- [Problem to work on]: Below is a listing; restate from it, character for character, the lines beginning at the line holding "case (Cons b u')" and ending at the line holding "(g a \<otimes>\<^bsub>A\<^esub>", both included.
/---
lemma word_eval_closed: "\<lbrakk>g \<in> V \<rightarrow> carrier A; set w \<subseteq> V\<rbrakk> \<Longrightarrow> word_eval A g w \<in> carrier A"
proof (induction w)
  case (Cons v w)
  then show ?case by (cases w) auto
qed simp

lemma smult_lcomm:
  "\<lbrakk>a \<in> carrier K; b \<in> carrier K; x \<in> carrier A\<rbrakk> \<Longrightarrow> a \<odot>\<^bsub>A\<^esub> (b \<odot>\<^bsub>A\<^esub> x) = b \<odot>\<^bsub>A\<^esub> (a \<odot>\<^bsub>A\<^esub> x)"
  by (metis smult_assoc1 R.m_comm)

lemma word_eval_append:
  assumes g: "g \<in> V \<rightarrow> carrier A" and "set u \<subseteq> V" "set v \<subseteq> V" "u \<noteq> []" "v \<noteq> []"
  shows "word_eval A g (u @ v) = word_eval A g u \<otimes>\<^bsub>A\<^esub> word_eval A g v"
  using assms(2-4)
proof (induction u)
  case (Cons a u)
  show ?case
  proof (cases u)
    case Nil
    then show ?thesis using \<open>v \<noteq> []\<close> by (cases v) auto
  next
    case (Cons b u')
    then have "word_eval A g ((a # u) @ v) = g a \<otimes>\<^bsub>A\<^esub> (word_eval A g u \<otimes>\<^bsub>A\<^esub> word_eval A g v)"
      using Cons.IH Cons.prems \<open>v \<noteq> []\<close> by simp
    also have "\<dots> = (g a \<otimes>\<^bsub>A\<^esub> word_eval A g u) \<otimes>\<^bsub>A\<^esub> word_eval A g v"
      using Cons.prems assms(3) g by (simp add: m_assoc word_eval_closed Pi_iff)
    finally show ?thesis using Cons by simp
  qed
qed simp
\---
- [Response area]:
    case (Cons b u')
    then have "word_eval A g ((a # u) @ v) = g a \<otimes>\<^bsub>A\<^esub> (word_eval A g u \<otimes>\<^bsub>A\<^esub> word_eval A g v)"
      using Cons.IH Cons.prems \<open>v \<noteq> []\<close> by simp
    also have "\<dots> = (g a \<otimes>\<^bsub>A\<^esub> word_eval A g u) \<otimes>\<^bsub>A\<^esub> word_eval A g v"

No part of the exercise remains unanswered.